lemma Lift_subset_hom:
  assumes cat: "category C" and F: "endofunctor C Fo Fa"
    and ev: "\<forall>l\<in>Lam. ev l \<in> hom C (Fo Om) Om" and S: "S \<subseteq> hom C X Om"
  shows "Lift C Fa ev Lam S \<subseteq> hom C (Fo X) Om"
proof
  fix k assume "k \<in> Lift C Fa ev Lam S"
  then obtain l h where k: "k = cComp C (ev l) (Fa h)" and l: "l \<in> Lam" and h: "h \<in> S"
    unfolding Lift_def by blast
  have "Fa h \<in> hom C (Fo X) (Fo Om)" using endofunctor_hom[OF F] h S by blast
  then show "k \<in> hom C (Fo X) Om"
    unfolding k using category_comp_hom[OF cat] ev l by blast
qed

context predicate_galois
begin

lemma alpha_Lift_eq_Kop_iff:
  assumes cat: "category C" and F: "endofunctor C Fo Fa"
    and ev: "\<forall>l\<in>Lam. ev l \<in> hom C (Fo Om) Om"
    and X: "X \<in> cObj C" and S: "S \<subseteq> hom C X Om"
  shows "alpha \<Phi> dO (Fo X) (Lift C Fa ev Lam S) = Kop C \<Phi> Om dO Fo Fa ev Lam X (alpha \<Phi> dO X S)
    \<longleftrightarrow> Lift C Fa ev Lam (clo C \<Phi> Om dO X S) \<subseteq> clo C \<Phi> Om dO (Fo X) (Lift C Fa ev Lam S)"
proof -
  have "Kop C \<Phi> Om dO Fo Fa ev Lam X (alpha \<Phi> dO X S)
      = alpha \<Phi> dO (Fo X) (Lift C Fa ev Lam (clo C \<Phi> Om dO X S))"
    unfolding Kop_def clo_def ..
  moreover have "Fo X \<in> cObj C" using F X unfolding endofunctor_def by blast
  ultimately show ?thesis
    using alpha_eq_iff_subset_clo[OF _ Lift_mono[OF clo_extensive[OF X S]]
        Lift_subset_hom[OF cat F ev clo_subset_hom]] by simp
qed

end
(* Let $p$ be an odd prime, $\xi = e^{2\pi i/p^2}$, and $C$ the $p\times p$ cycle matrix. Let $\mathcal{T}$ be the set of all $2p\times 2p$ block-diagonal matrices of the form \[A = \operatorname{diag}\!\left(DC^k,\ 1,\ \xi^{k+a_1p},\ \xi^{2k+a_2p},\ \dots,\ \xi^{(p-1)k+a_{p-1}p}\right),\] where $D$ ranges over all $p\times p$ unitary diagonal matrices with $\det D=1$, $k\in\{0,1,\dots,p-1\}$, and $a_j\in\{0,1,\dots,p-1\}$ for $j=1,\dots,p-1$. Then $\mathcal{T}$ (a group of unitary $2p\times 2p$ matrices) is $\frac{1}{2p^2}$-argument-submultiplicative.
   Context: The $p\times p$ cycle matrix $C$ has entries $C_{j,j+1}=1$ for $j=1,\dots,p-1$, $C_{p,1}=1$, and all other entries $0$. For a complex number $z\neq 0$, $\arg(z)\in(-\pi,\pi]$ denotes its principal argument; $\sigma(M)$ denotes the spectrum of a matrix $M$. A group $\mathcal{G}$ of unitary $n\times n$ matrices is called $\varepsilon'$-argument-submultiplicative ($\varepsilon'$-ASM) if for every $A,B\in\mathcal{G}$ and every $\gamma\in\sigma(AB)$ there exist $\alpha\in\sigma(A)$ and $\beta\in\sigma(B)$ such that $\frac{1}{2\pi}\left|\arg\left(\frac{\alpha\beta}{\gamma}\right)\right|\le \varepsilon'$. *)

theory Defs
  imports "HOL-Analysis.Analysis" "Jordan_Normal_Form.Schur_Decomposition"
begin

definition cycle_mat :: "nat \<Rightarrow> complex mat" where
  "cycle_mat p = mat p p (\<lambda>(i,j). if j = (i + 1) mod p then 1 else 0)"

definition diag_of :: "nat \<Rightarrow> (nat \<Rightarrow> complex) \<Rightarrow> complex mat" where
  "diag_of n d = mat n n (\<lambda>(i,j). if i = j then d i else 0)"
(* Let $\mathcal L\in\mathbb{R}^{n_1\times r\times n_3}$, $\mathcal R\in\mathbb{R}^{n_2\times r\times n_3}$ satisfy $\mathcal L^\top*\mathcal L=\mathcal R^\top*\mathcal R$, and let $\mathcal X=\mathcal L*\mathcal R^\top$. Let $\mathcal X_\star=\mathcal U_\star*\mathcal S_\star*\mathcal V_\star^\top$ be a compact t-SVD of $\mathcal X_\star\in\mathbb{R}^{n_1\times n_2\times n_3}$ with tubal rank $r_\star$, and set $\mathcal L_\star=\mathcal U_\star*\mathcal S_\star^{1/2}$, $\mathcal R_\star=\mathcal V_\star*\mathcal S_\star^{1/2}$, $\mathcal F=\begin{bmatrix}\mathcal L\\ \mathcal R\end{bmatrix}$, $\mathcal F_\star=\begin{bmatrix}\mathcal L_\star\\ \mathcal R_\star\end{bmatrix}$. Then $$\|\mathcal F*\mathcal F^\top-\mathcal F_\star*\mathcal F_\star^\top\|_F\le2\|\mathcal X-\mathcal X_\star\|_F.$$
   Context: For $\mathcal{A}\in\mathbb{R}^{n_1\times n_2\times n_3}$, $\bar{\mathcal A}$ is its discrete Fourier transform along the third mode with frontal slices $\bar A^{(k)}$. The t-product $\mathcal A*\mathcal B$ has Fourier slices $\bar A^{(k)}\bar B^{(k)}$; $\mathcal A^\top$ has Fourier slices $(\bar A^{(k)})^H$; $\mathcal I$ has first frontal slice the identity matrix and the rest zero. $\|\cdot\|_F$ is the entrywise Frobenius norm. Stacking $\begin{bmatrix}\mathcal L\\ \mathcal R\end{bmatrix}\in\mathbb{R}^{(n_1+n_2)\times r\times n_3}$ is along the first mode. A compact t-SVD $\mathcal X_\star=\mathcal U_\star*\mathcal S_\star*\mathcal V_\star^\top$ has $\mathcal U_\star\in\mathbb{R}^{n_1\times r_\star\times n_3}$, $\mathcal V_\star\in\mathbb{R}^{n_2\times r_\star\times n_3}$ with $\mathcal U_\star^\top*\mathcal U_\star=\mathcal V_\star^\top*\mathcal V_\star=\mathcal I$, and $\mathcal S_\star\in\mathbb{R}^{r_\star\times r_\star\times n_3}$ whose Fourier slices are diagonal with nonnegative entries; $\mathcal S_\star^{1/2}$ has Fourier slices the entrywise square roots. Tubal rank $=\max_k\mathrm{rank}(\bar A^{(k)})$. *)

theory Defs
  imports "HOL-Analysis.Analysis" "Jordan_Normal_Form.DL_Rank"
begin

text \<open>Third-order real tensors of size n1 x n2 x n3 are represented as functions
  nat => nat => nat => real, indices 0-based; only entries inside the index box matter.\<close>
type_synonym tensor = "nat \<Rightarrow> nat \<Rightarrow> nat \<Rightarrow> real"

definition teq :: "nat \<Rightarrow> nat \<Rightarrow> nat \<Rightarrow> tensor \<Rightarrow> tensor \<Rightarrow> bool" where
  "teq n1 n2 n3 A B \<longleftrightarrow> (\<forall>i<n1. \<forall>j<n2. \<forall>k<n3. A i j k = B i j k)"

definition tdft :: "nat \<Rightarrow> tensor \<Rightarrow> nat \<Rightarrow> nat \<Rightarrow> nat \<Rightarrow> complex" where
  "tdft n3 A i j k = (\<Sum>t<n3. complex_of_real (A i j t) * cis (- 2 * pi * real k * real t / real n3))"

text \<open>t-product of A (n1 x m x n3) and B (m x n2 x n3): circular convolution of frontal
  slices, i.e. the tensor whose Fourier slices are the products of Fourier slices.\<close>
definition tprod :: "nat \<Rightarrow> nat \<Rightarrow> tensor \<Rightarrow> tensor \<Rightarrow> tensor" where
  "tprod n3 m A B = (\<lambda>i j k. \<Sum>l<m. \<Sum>t<n3. A i l t * B l j ((k + n3 - t) mod n3))"

text \<open>Tensor transpose: Fourier slices are conjugate transposes.\<close>
definition ttrans :: "nat \<Rightarrow> tensor \<Rightarrow> tensor" where
  "ttrans n3 A = (\<lambda>i j k. A j i ((n3 - k) mod n3))"
(* Let $n \ge 1$ and let $m$ be an even positive integer such that $\Delta_{n,m} \neq \emptyset$. Then there does not exist a finite set $\mathcal{H} = \{h_1,\dots,h_N\}$ of non-zero real forms in $n$ variables with the property that for every $p \in P_{n,m}$ there is some $h_k \in \mathcal{H}$ with $h_k p$ a sum of squares.
   Context: $H_d(\mathbb{R}^n)$ denotes the real vector space of real homogeneous forms of degree $d$ in $n$ variables $x_1,\dots,x_n$. For even $m$, $P_{n,m}$ is the set of forms $p \in H_m(\mathbb{R}^n)$ that are positive semidefinite (psd), i.e. $p(x) \ge 0$ for all $x \in \mathbb{R}^n$. A form is a sum of squares (sos) if it can be written as $\sum_k g_k^2$ with each $g_k$ a real polynomial. $\Sigma_{n,m} \subseteq P_{n,m}$ is the set of sos forms in $H_m(\mathbb{R}^n)$, and $\Delta_{n,m} = P_{n,m} \setminus \Sigma_{n,m}$. *)

theory Defs
  imports Complex_Main
begin

text \<open>Real polynomials in the n variables x_0,...,x_{n-1}, represented by the
  polynomial functions they induce on points x :: nat => real (only the first n
  coordinates matter). Over the reals a polynomial is determined by its function,
  so this is faithful.\<close>

definition exps :: "nat \<Rightarrow> (nat \<Rightarrow> nat) set" where
  "exps n = {\<alpha>. \<forall>i\<ge>n. \<alpha> i = 0}"

definition monom :: "nat \<Rightarrow> (nat \<Rightarrow> nat) \<Rightarrow> (nat \<Rightarrow> real) \<Rightarrow> real" where
  "monom n \<alpha> x = (\<Prod>i<n. x i ^ \<alpha> i)"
#####
§ Your objective:
If a line in the listing contains the string "Analysis", copy it.

§ Task answer:
  imports "HOL-Analysis.Analysis" "Jordan_Normal_Form.Schur_Decomposition"
  imports "HOL-Analysis.Analysis" "Jordan_Normal_Form.DL_Rank"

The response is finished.